9. Sainz wants resolution on F1 future decision soon
During Thursday’s driver press conference, Haas’ Kevin Magnussen pointed to Carlos Sainz as the ‘cork in the bottle’ as the flurry of action in 2025’s driver market has become a little stagnant. It has become a collected wait with bated breath to see what Sainz decides to do for next season.
It seemed for all the world that Sainz had two options: Sauber and Williams. The Swiss team’s transformation into Audi for 2026 is compelling as a manufacturer prospect, and a chance for Sainz to jump back into a well-paid works team after leaving Ferrari. That his father, two-time WRC champion Carlos Sainz Sr, has enjoyed great success with Audi at the Dakar Rally adds an extra familial tie.
Williams, on the other hand, offers Sainz the chance to be part of James Vowles’ regeneration project. Vowles wants a driver with race-winning pedigree to bolster the team’s line-up alongside Alex Albon as he continues to attract personnel that he believes will help Williams return to the front. It’s a matter of whether Sainz believes in Vowles’ project, or believes that Audi can become a genuine force in F1’s upcoming new era.
But Alpine has tabled a late bid for Sainz’s services. The addition of Briatore as an advisor has perhaps given the team the driving force it had lacked in the market, and it’s not inconceivable that Sainz will harbour a return to the team he raced for in late-2017 to 2018.
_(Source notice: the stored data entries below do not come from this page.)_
(* For any graph $G=(V,E)$ and any ordering of its edges, the output $P$ of the port-based greedy procedure (Algorithm 1) described in the context is a collection of vertex-disjoint paths.
   Context: Algorithm 1: initialize $P\gets\emptyset$. Each vertex $v$ has two ports $v^0,v^1$, initially free. Iterate over the edges of $G$ in the given ordering; upon visiting $e=(u,v)$: if $v^0$ and $u^0$ are free, add $e$ to $P$ and mark $v^0,u^0$ occupied; else if $v^1$ and $u^0$ are free, add $e$ to $P$ and mark $v^1,u^0$ occupied; else if $v^0$ and $u^1$ are free, add $e$ to $P$ and mark $v^0,u^1$ occupied; otherwise skip $e$. Return $P$. *)

theory Defs
  imports Main
begin

(* State of Algorithm 1: (P, O0, O1) where P is the list of selected (oriented) edges,
   O0 the set of vertices whose port 0 is occupied, O1 those whose port 1 is occupied. *)
definition greedy_step ::
  "('a \<times> 'a) list \<times> 'a set \<times> 'a set \<Rightarrow> 'a \<times> 'a \<Rightarrow> ('a \<times> 'a) list \<times> 'a set \<times> 'a set" where
  "greedy_step st e = (case st of (P, O0, O1) \<Rightarrow> (case e of (u, v) \<Rightarrow>
     if v \<notin> O0 \<and> u \<notin> O0 then (P @ [(u, v)], insert v (insert u O0), O1)
     else if v \<notin> O1 \<and> u \<notin> O0 then (P @ [(u, v)], insert u O0, insert v O1)
     else if v \<notin> O0 \<and> u \<notin> O1 then (P @ [(u, v)], insert v O0, insert u O1)
     else (P, O0, O1)))"

definition algorithm1 :: "('a \<times> 'a) list \<Rightarrow> ('a \<times> 'a) list" where
  "algorithm1 es = fst (foldl greedy_step ([], {}, {}) es)"

definition undir :: "'a \<times> 'a \<Rightarrow> 'a set" where
  "undir e = (case e of (u, v) \<Rightarrow> {u, v})"

definition is_path :: "'a list \<Rightarrow> bool" where
  "is_path xs \<longleftrightarrow> distinct xs \<and> length xs \<ge> 2"

definition path_edges :: "'a list \<Rightarrow> 'a set set" where
  "path_edges xs = {{xs ! i, xs ! Suc i} | i. Suc i < length xs}"

definition vertex_disjoint_paths :: "'a set set \<Rightarrow> bool" where
  "vertex_disjoint_paths P \<longleftrightarrow>
     (\<exists>Ps. finite Ps \<and> (\<forall>p\<in>Ps. is_path p) \<and>
          (\<forall>p\<in>Ps. \<forall>q\<in>Ps. p \<noteq> q \<longrightarrow> set p \<inter> set q = {}) \<and>
          P = \<Union> (path_edges ` Ps))"

definition simple_graph :: "'a set \<Rightarrow> 'a set set \<Rightarrow> bool" where
  "simple_graph V E \<longleftrightarrow> finite V \<and> (\<forall>e\<in>E. \<exists>u v. e = {u, v} \<and> u \<in> V \<and> v \<in> V \<and> u \<noteq> v)"

definition edge_ordering :: "'a set set \<Rightarrow> ('a \<times> 'a) list \<Rightarrow> bool" where
  "edge_ordering E es \<longleftrightarrow> distinct (map undir es) \<and> set (map undir es) = E"

end

theory Submission
  imports Defs
begin

(* Proof idea: throughout the run, port 0 of a vertex is occupied iff the vertex lies on one
   of the selected paths, and port 1 is occupied iff it is an inner vertex of its path.  An
   accepted edge either joins two uncovered vertices (a new path of length one) or joins an
   uncovered vertex to an endpoint of an existing path, which extends that path by one vertex;
   in both cases the selected edges remain the edge set of a family of vertex-disjoint paths. *)

definition inner_vertices :: "'a list \<Rightarrow> 'a set" where
  "inner_vertices p = set p - {hd p, last p}"

definition disjoint_path_family :: "'a list set \<Rightarrow> bool" where
  "disjoint_path_family Ps \<longleftrightarrow>
     finite Ps \<and> (\<forall>p\<in>Ps. is_path p) \<and> pairwise (\<lambda>p q. set p \<inter> set q = {}) Ps"

lemma vertex_disjoint_paths_iff:
  "vertex_disjoint_paths P \<longleftrightarrow> (\<exists>Ps. disjoint_path_family Ps \<and> P = \<Union> (path_edges ` Ps))"
  by (simp add: vertex_disjoint_paths_def disjoint_path_family_def pairwise_def)

lemma disjoint_path_family_insert:
  assumes "disjoint_path_family Ps" "is_path p" "\<And>q. q \<in> Ps \<Longrightarrow> set q \<inter> set p = {}"
  shows "disjoint_path_family (insert p Ps)"
  using assms by (auto simp: disjoint_path_family_def pairwise_insert)

lemma disjoint_path_family_remove:
  "disjoint_path_family Ps \<Longrightarrow> disjoint_path_family (Ps - {p})"
  by (auto simp: disjoint_path_family_def pairwise_subset)

lemma path_edgesI: "Suc i < length xs \<Longrightarrow> {xs ! i, xs ! Suc i} \<in> path_edges xs"
  unfolding path_edges_def by blast

lemma path_edgesE:
  assumes "e \<in> path_edges xs"
  obtains i where "Suc i < length xs" "e = {xs ! i, xs ! Suc i}"
  using assms unfolding path_edges_def by blast

lemma path_edges_Cons_Cons:
  "path_edges (x # y # zs) = insert {x, y} (path_edges (y # zs))"
proof (intro equalityI subsetI)
  fix e assume "e \<in> path_edges (x # y # zs)"
  then obtain i where i: "Suc i < length (x # y # zs)" "e = {(x # y # zs) ! i, (x # y # zs) ! Suc i}"
    by (rule path_edgesE)
  show "e \<in> insert {x, y} (path_edges (y # zs))"
  proof (cases i)
    case (Suc j)
    then show ?thesis
      using i path_edgesI[of j "y # zs"] by simp
  qed (use i in simp)
next
  fix e assume "e \<in> insert {x, y} (path_edges (y # zs))"
  then show "e \<in> path_edges (x # y # zs)"
  proof
    assume "e = {x, y}"
    then show ?thesis
      using path_edgesI[of 0 "x # y # zs"] by simp
  next
    assume "e \<in> path_edges (y # zs)"
    then obtain i where "Suc i < length (y # zs)" "e = {(y # zs) ! i, (y # zs) ! Suc i}"
      by (rule path_edgesE)
    then show ?thesis
      using path_edgesI[of "Suc i" "x # y # zs"] by simp
  qed
qed

lemma path_edges_singleton: "path_edges [x] = {}"
  by (simp add: path_edges_def)

lemma path_edges_Cons:
  "p \<noteq> [] \<Longrightarrow> path_edges (u # p) = insert {u, hd p} (path_edges p)"
  by (cases p) (simp_all add: path_edges_Cons_Cons)

lemma path_edges_snoc:
  "p \<noteq> [] \<Longrightarrow> path_edges (p @ [w]) = insert {last p, w} (path_edges p)"
proof (induction p rule: induct_list012)
  case (3 x y zs)
  then show ?case by (simp add: path_edges_Cons_Cons insert_commute)
qed (simp_all add: path_edges_Cons_Cons path_edges_singleton)

lemma distinct_hd_neq_last:
  assumes "distinct p" "length p \<ge> 2"
  shows "hd p \<noteq> last p"
  using assms by (cases p) (auto simp: last_in_set)

lemma path_extend_at_endpoint:
  assumes "is_path p" "x \<in> set p" "x \<notin> inner_vertices p" "w \<notin> set p"
  obtains p' where "is_path p'" "set p' = insert w (set p)"
    "path_edges p' = insert {x, w} (path_edges p)"
    "inner_vertices p' = insert x (inner_vertices p)"
proof -
  have p: "distinct p" "length p \<ge> 2" "p \<noteq> []"
    using assms(1) by (auto simp: is_path_def)
  have hd_last: "hd p \<noteq> last p"
    using distinct_hd_neq_last p(1,2) .
  consider "x = last p" | "x = hd p"
    using assms(2,3) by (auto simp: inner_vertices_def)
  then show ?thesis
  proof cases
    case 1
    show ?thesis
    proof (rule that[of "p @ [w]"])
      show "inner_vertices (p @ [w]) = insert x (inner_vertices p)"
        using 1 assms(4) hd_last p(3) by (auto simp: inner_vertices_def hd_append)
    qed (use 1 assms(4) p in \<open>simp_all add: is_path_def path_edges_snoc\<close>)
  next
    case 2
    show ?thesis
    proof (rule that[of "w # p"])
      show "inner_vertices (w # p) = insert x (inner_vertices p)"
        using 2 assms(4) hd_last p(3) by (auto simp: inner_vertices_def)
    qed (use 2 assms(4) p in \<open>simp_all add: is_path_def path_edges_Cons insert_commute\<close>)
  qed
qed

fun port_invariant :: "('a \<times> 'a) list \<times> 'a set \<times> 'a set \<Rightarrow> 'a list set \<Rightarrow> bool" where
  "port_invariant (P, O0, O1) Ps \<longleftrightarrow>
     disjoint_path_family Ps \<and> set (map undir P) = \<Union> (path_edges ` Ps) \<and>
     O0 = \<Union> (set ` Ps) \<and> O1 = \<Union> (inner_vertices ` Ps)"

lemma port_invariant_new_path:
  assumes inv: "port_invariant (P, O0, O1) Ps" and "u \<noteq> v" "u \<notin> O0" "v \<notin> O0"
  shows "port_invariant (P @ [(u, v)], insert v (insert u O0), O1) (insert [u, v] Ps)"
proof -
  have "disjoint_path_family (insert [u, v] Ps)"
    using inv assms(2-4) by (intro disjoint_path_family_insert) (auto simp: is_path_def)
  moreover have "inner_vertices [u, v] = {}"
    by (simp add: inner_vertices_def)
  ultimately show ?thesis
    using inv by (auto simp: undir_def path_edges_Cons path_edges_singleton)
qed

lemma port_invariant_extend_path:
  assumes inv: "port_invariant (P, O0, O1) Ps"
    and "x \<in> O0" "x \<notin> O1" "w \<notin> O0" "undir e = {x, w}"
  shows "\<exists>Ps'. port_invariant (P @ [e], insert w O0, insert x O1) Ps'"
proof -
  have fam: "disjoint_path_family Ps" and edges: "set (map undir P) = \<Union> (path_edges ` Ps)"
    and O0: "O0 = \<Union> (set ` Ps)" and O1: "O1 = \<Union> (inner_vertices ` Ps)"
    using inv by simp_all
  obtain p where p: "p \<in> Ps" "x \<in> set p"
    using O0 assms(2) by blast
  have "is_path p" "x \<notin> inner_vertices p" "w \<notin> set p"
    using fam p O0 O1 assms(3,4) by (auto simp: disjoint_path_family_def)
  then obtain p' where p': "is_path p'" "set p' = insert w (set p)"
    "path_edges p' = insert {x, w} (path_edges p)"
    "inner_vertices p' = insert x (inner_vertices p)"
    by (rule path_extend_at_endpoint[OF _ p(2)])
  define Qs where "Qs = Ps - {p}"
  have Ps: "Ps = insert p Qs"
    using p(1) Qs_def by blast
  have disjoint_p': "set q \<inter> set p' = {}" if "q \<in> Qs" for q
  proof -
    have "set q \<inter> set p = {}"
      using fam p(1) that Qs_def by (auto simp: disjoint_path_family_def pairwise_def)
    moreover have "w \<notin> set q"
      using O0 assms(4) that Qs_def by blast
    ultimately show ?thesis
      unfolding p'(2) by simp
  qed
  have "disjoint_path_family (insert p' Qs)"
    using disjoint_path_family_remove[OF fam, of p, folded Qs_def] p'(1) disjoint_p'
    by (rule disjoint_path_family_insert)
  moreover have "set (map undir (P @ [e])) = \<Union> (path_edges ` insert p' Qs)"
    using edges p'(3) assms(5) unfolding Ps by simp
  moreover have "insert w O0 = \<Union> (set ` insert p' Qs)"
    using O0 p'(2) unfolding Ps by simp
  moreover have "insert x O1 = \<Union> (inner_vertices ` insert p' Qs)"
    using O1 p'(4) unfolding Ps by simp
  ultimately have "port_invariant (P @ [e], insert w O0, insert x O1) (insert p' Qs)"
    by simp
  then show ?thesis ..
qed

lemma port_invariant_greedy_step:
  assumes "port_invariant st Ps" "fst e \<noteq> snd e"
  shows "\<exists>Ps'. port_invariant (greedy_step st e) Ps'"
proof -
  obtain P O0 O1 u v where st: "st = (P, O0, O1)" and e: "e = (u, v)"
    by (cases st, cases e)
  have inv: "port_invariant (P, O0, O1) Ps" and "u \<noteq> v"
    using assms st e by simp_all
  have undir_uv: "undir (u, v) = {u, v}" and undir_vu: "undir (u, v) = {v, u}"
    by (auto simp: undir_def)
  have step: "greedy_step st e =
     (if v \<notin> O0 \<and> u \<notin> O0 then (P @ [(u, v)], insert v (insert u O0), O1)
      else if v \<notin> O1 \<and> u \<notin> O0 then (P @ [(u, v)], insert u O0, insert v O1)
      else if v \<notin> O0 \<and> u \<notin> O1 then (P @ [(u, v)], insert v O0, insert u O1)
      else (P, O0, O1))"
    by (simp add: greedy_step_def st e)
  show ?thesis
  proof (cases "v \<notin> O0 \<and> u \<notin> O0")
    case True
    then show ?thesis
      using port_invariant_new_path[OF inv \<open>u \<noteq> v\<close>] by (auto simp: step)
  next
    case not_new: False
    show ?thesis
    proof (cases "v \<notin> O1 \<and> u \<notin> O0")
      case True
      then have "v \<in> O0"
        using not_new by blast
      then show ?thesis
        using True not_new port_invariant_extend_path[OF inv _ _ _ undir_vu] by (simp add: step)
    next
      case not_at_v: False
      show ?thesis
      proof (cases "v \<notin> O0 \<and> u \<notin> O1")
        case True
        then have "u \<in> O0"
          using not_new by blast
        then show ?thesis
          using True not_new not_at_v port_invariant_extend_path[OF inv _ _ _ undir_uv]
          by (simp add: step)
      next
        case False
        then show ?thesis
          using inv not_new not_at_v by (auto simp: step)
      qed
    qed
  qed
qed

lemma port_invariant_foldl:
  assumes "port_invariant st Ps" "\<forall>e\<in>set es. fst e \<noteq> snd e"
  shows "\<exists>Ps'. port_invariant (foldl greedy_step st es) Ps'"
  using assms
proof (induction es arbitrary: st Ps)
  case (Cons e es)
  then obtain Ps' where "port_invariant (greedy_step st e) Ps'"
    using port_invariant_greedy_step by (metis list.set_intros(1))
  then show ?case
    using Cons by simp
qed auto

lemma edge_ordering_no_loops:
  assumes "simple_graph V E" "edge_ordering E es" "(a, b) \<in> set es"
  shows "a \<noteq> b"
proof -
  have "{a, b} \<in> E"
    using assms(2,3) unfolding edge_ordering_def undir_def by force
  then show ?thesis
    using assms(1) unfolding simple_graph_def by (metis doubleton_eq_iff)
qed

theorem claim4p1:
  fixes V :: "'a set" and E :: "'a set set" and es :: "('a \<times> 'a) list"
  assumes "simple_graph V E"
    and "edge_ordering E es"
  shows "vertex_disjoint_paths (set (map undir (algorithm1 es)))"
proof -
  have "\<forall>e\<in>set es. fst e \<noteq> snd e"
    using edge_ordering_no_loops[OF assms] by auto
  moreover have "port_invariant ([], {}, {}) {}"
    by (simp add: disjoint_path_family_def)
  ultimately obtain Ps where "port_invariant (foldl greedy_step ([], {}, {}) es) Ps"
    using port_invariant_foldl by blast
  then show ?thesis
    unfolding algorithm1_def vertex_disjoint_paths_iff
    by (cases "foldl greedy_step ([], {}, {}) es") auto
qed

end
"The latest is that a decision will be taken very soon. I don't want to wait any longer," Sainz said on Thursday. "I think it's getting to a point where it's obviously taking space out of my head for quite a few weeks and months, and I think it's time to make a decision.”
10. Aston Martin now the front-runner to secure Newey’s services
A subplot of this year’s F1 soap opera that has taken a back seat in recent weeks pertains to Adrian Newey’s post-Red Bull career. Since it was announced that Newey - usually referred to interchangeably as design genius and technical guru - would leave the Milton Keynes outfit, there had been much speculation over his next port of call.
Would this be the long-awaited chance to work with Ferrari, a team that had courted his services for many years? Will he repeat his movements in late 2005 and link up with an ambitious project in Aston Martin? Or is there room for a last dance with Williams, the team he left in 1997 to join McLaren? Perhaps retirement beckoned, the magnetar-like pull of fluffy slippers by a cosy fireside...
But Newey doesn’t seem to be retirement material, if that makes sense; one imagines his attempts to switch off on the beach becoming derailed; should a less-than-optimal flow pattern from the ocean waves pass over his sand-sculpted car, his copy of Jilly Cooper’s ‘seminal’ publication Riders may be cast aside for tinkering...
Digressions aside, it appears that Newey has had tangible talks with Aston Martin about the next step to his storied career. It is understood that the team closed its factory to staff to issue Newey with a private tour of its new Silverstone premises, hoping to get the Briton on board. Money will be a stumbling block; Newey can ask for a premium, given his position in the market, but team owner Lawrence Stroll might believe that Newey’s price is the price of success.